Multi rail/multi page chips (e.g. ISL68137 with seven outputs) declare each rail as a child regulator node with reg = <page>; each child binds as a UCLASS_REGULATOR with that PMBus PAGE setting applied at every read/write.

Common pitfalls

These have all bitten contributors during nbxv3 bring up; record them here so the next port doesn’t repeat them.

  • VOUT_MODE/DIRECT format confusion. Most generic PMBus call sites assume LINEAR16. Several MPS chips report VOUT in DIRECT format with chip specific m/b/R after a single VOUT_MODE read, the same chip read at the same address produces different numbers depending on the format the driver applies. Always read VOUT_MODE at probe time and switch the decoder accordingly. Linux’s per chip identify() callbacks document the exact rules; copy them rather than guessing.

  • SMBus block read protocol. Some I2C controllers strict check block read transactions: the master must read the length byte first, then reissue the read for the payload. Over reading a fixed length and ignoring the length byte works on lenient controllers but errors on strict ones. pmbus_read_string() does the two stage read; use it.

  • I2C bus number stability. uclass_get_device_by_seq() uses the DT alias index (i2c0 -> UCLASS_I2C seq 0) when aliases are declared, otherwise falls back to probe order which varies with which controllers are enabled in the defconfig. Always declare DT aliases for I2C buses you reference by index.

  • ADDR-pin auto addressessing. Some chips (notably MPS parts) decode their PMBus 7-bit address from an external resistor divider on ADDR_VBOOT. The “default” address in the datasheet is the factory fused slot; a board with a different divider or a die with a different revision can land in another window. If the driver hardcodes the default and the board side scan finds the chip in another window, auto promote the working address rather than failing the probe.

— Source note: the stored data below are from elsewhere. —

(* Let $\alpha=1+\sqrt2$. Then for every integer $n\ge1$, $$\Big\lceil \alpha n-\tfrac{1}{\sqrt2}\Big\rceil-\alpha n+\tfrac{1}{\sqrt2}>\frac{\alpha-1}{4\alpha n}.$$ *)

theory Defs
  imports Complex_Main
begin

end

theory Submission
  imports Defs
begin

text \<open>With \<open>m = 2n - 1\<close> we have \<open>\<alpha> n - 1/\<surd>2 = n + m/\<surd>2\<close>, so the left-hand side
  is \<open>d = k - m/\<surd>2\<close> with \<open>k = \<lceil>m/\<surd>2\<rceil>\<close>. Since \<open>k\<surd>2 \<ge> m\<close> and \<open>m\<close> is odd,
  \<open>2k\<^sup>2 - m\<^sup>2\<close> is a positive integer, i.e. \<open>(k\<surd>2 - m)(k\<surd>2 + m) \<ge> 1\<close>.
  As \<open>k\<surd>2 - m = d\<surd>2\<close> and \<open>k\<surd>2 + m < 2m + \<surd>2\<close>, this gives
  \<open>d > 1/(2\<surd>2 m + 2)\<close>, and that bound is at least \<open>(\<alpha> - 1)/(4\<alpha>n)\<close>.\<close>

lemma sqrt2_times_int_neq_odd:
  fixes k m :: int
  assumes "odd m"
  shows "real_of_int k * sqrt 2 \<noteq> real_of_int m"
proof
  assume "real_of_int k * sqrt 2 = real_of_int m"
  then have "real_of_int (2 * k\<^sup>2) = real_of_int (m\<^sup>2)"
    by (metis of_int_mult of_int_numeral of_int_power power_mult_distrib
        real_sqrt_pow2 zero_le_numeral mult.commute)
  then have "2 * k\<^sup>2 = m\<^sup>2"
    by (simp only: of_int_eq_iff)
  then have "even (m\<^sup>2)"
    by (metis dvd_triv_left)
  with assms show False
    by simp
qed

lemma ceiling_odd_div_sqrt2_gap:
  fixes m :: int
  assumes "odd m" and "m \<ge> 0"
  shows "1 / (2 * sqrt 2 * m + 2) < \<lceil>m / sqrt 2\<rceil> - m / sqrt 2"
proof -
  define k where "k = \<lceil>m / sqrt 2\<rceil>"
  define d where "d = real_of_int k - m / sqrt 2"
  have d_lt_1: "d < 1"
    unfolding d_def k_def by linarith
  have k_sqrt2: "real_of_int k * sqrt 2 = m + d * sqrt 2"
    unfolding d_def by (simp add: field_simps)
  have "real_of_int m \<le> real_of_int k * sqrt 2"
    unfolding k_def by (simp add: pos_divide_le_eq[symmetric])
  with sqrt2_times_int_neq_odd[OF \<open>odd m\<close>, of k]
  have m_lt: "real_of_int m < real_of_int k * sqrt 2"
    by linarith
  then have "(real_of_int m)\<^sup>2 < (real_of_int k * sqrt 2)\<^sup>2"
    using \<open>m \<ge> 0\<close> by (intro power_strict_mono) auto
  then have "real_of_int (m\<^sup>2) < real_of_int (2 * k\<^sup>2)"
    by (simp add: power_mult_distrib mult.commute)
  then have "m\<^sup>2 < 2 * k\<^sup>2"
    by (simp only: of_int_less_iff)
  then have "1 \<le> 2 * k\<^sup>2 - m\<^sup>2"
    by simp
  then have sq_gap: "1 \<le> 2 * (real_of_int k)\<^sup>2 - (real_of_int m)\<^sup>2"
    by (simp flip: of_int_le_iff[where 'a=real])
  have "2 * (real_of_int k)\<^sup>2 - (real_of_int m)\<^sup>2
      = (real_of_int k * sqrt 2 - m) * (real_of_int k * sqrt 2 + m)"
    by (simp add: algebra_simps power2_eq_square)
  also have "\<dots> = d * sqrt 2 * (2 * m + d * sqrt 2)"
    by (simp add: k_sqrt2)
  also have "\<dots> < d * sqrt 2 * (2 * m + sqrt 2)"
    using m_lt k_sqrt2 d_lt_1 by (intro mult_strict_left_mono) auto
  finally have "1 < d * (2 * sqrt 2 * m + 2)"
    using sq_gap by (simp add: algebra_simps)
  moreover have "0 < 2 * sqrt 2 * m + 2"
    using \<open>m \<ge> 0\<close> by (simp add: add_nonneg_pos)
  ultimately show ?thesis
    by (simp add: d_def k_def divide_less_eq mult.commute)
qed

lemma sqrt2_ratio_le_ceiling_gap_bound:
  fixes n :: nat
  assumes "n \<ge> 1"
  shows "sqrt 2 / (4 * (1 + sqrt 2) * real n) \<le> 1 / (2 * sqrt 2 * (2 * real n - 1) + 2)"
proof -
  have "sqrt 2 - 1 \<le> (sqrt 2 - 1) * real n"
    using assms by (simp add: mult_le_cancel_left1)
  then have "4 * (2 * real n - 1) + 2 * sqrt 2 \<le> 4 * (1 + sqrt 2) * real n"
    by (simp add: algebra_simps) (use real_sqrt_ge_zero[of 2] in linarith)
  moreover have "sqrt 2 * (2 * sqrt 2 * x + 2) = 4 * x + 2 * sqrt 2" for x :: real
    by (simp add: distrib_left mult.left_commute[of "sqrt 2"])
  ultimately have "sqrt 2 * (2 * sqrt 2 * (2 * real n - 1) + 2) \<le> 4 * (1 + sqrt 2) * real n"
    by simp
  then show ?thesis
    using assms by (simp add: divide_simps add_nonneg_pos)
qed

theorem mainTheorem7:
  fixes n :: nat
  assumes "n \<ge> 1"
  shows "let \<alpha> = 1 + sqrt 2 in
    real_of_int \<lceil>\<alpha> * real n - 1 / sqrt 2\<rceil> - \<alpha> * real n + 1 / sqrt 2
      > (\<alpha> - 1) / (4 * \<alpha> * real n)"
proof -
  define m where "m = 2 * int n - 1"
  have m_real: "real_of_int m = 2 * real n - 1"
    unfolding m_def by simp
  have "odd m" and "m \<ge> 0"
    using assms unfolding m_def by auto
  have "(1 + sqrt 2) * real n - 1 / sqrt 2 = m / sqrt 2 + of_int (int n)"
    unfolding m_real by (simp add: field_simps)
  then have "real_of_int \<lceil>(1 + sqrt 2) * real n - 1 / sqrt 2\<rceil> - (1 + sqrt 2) * real n
      + 1 / sqrt 2 = \<lceil>m / sqrt 2\<rceil> - m / sqrt 2"
    using ceiling_add_of_int[of "m / sqrt 2" "int n"] by simp
  moreover have "sqrt 2 / (4 * (1 + sqrt 2) * real n) \<le> 1 / (2 * sqrt 2 * m + 2)"
    using sqrt2_ratio_le_ceiling_gap_bound[OF assms] by (simp add: m_real)
  ultimately show ?thesis
    using ceiling_odd_div_sqrt2_gap[OF \<open>odd m\<close> \<open>m \<ge> 0\<close>]
    unfolding Let_def by simp
qed

end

  • MFR string byte order. Most PMBus chips return MFR_ID characters in human order. Some MPS personalities reverse them. Pass reverse_bytes=true to pmbus_read_string() for those; spec compliant chips pass false.

References

  • Linux PMBus core: linux/drivers/hwmon/pmbus/pmbus_core.c, decoder reference; ignore the hwmon publication and caching layers.

  • Linux PMBus header: linux/drivers/hwmon/pmbus/pmbus.h; API surface reference; many constants and the struct pmbus_driver_info shape are mirrored verbatim into U-Boot’s include/pmbus.h.

  • Linux DT bindings: linux/Documentation/devicetree/bindings/hwmon/pmbus/.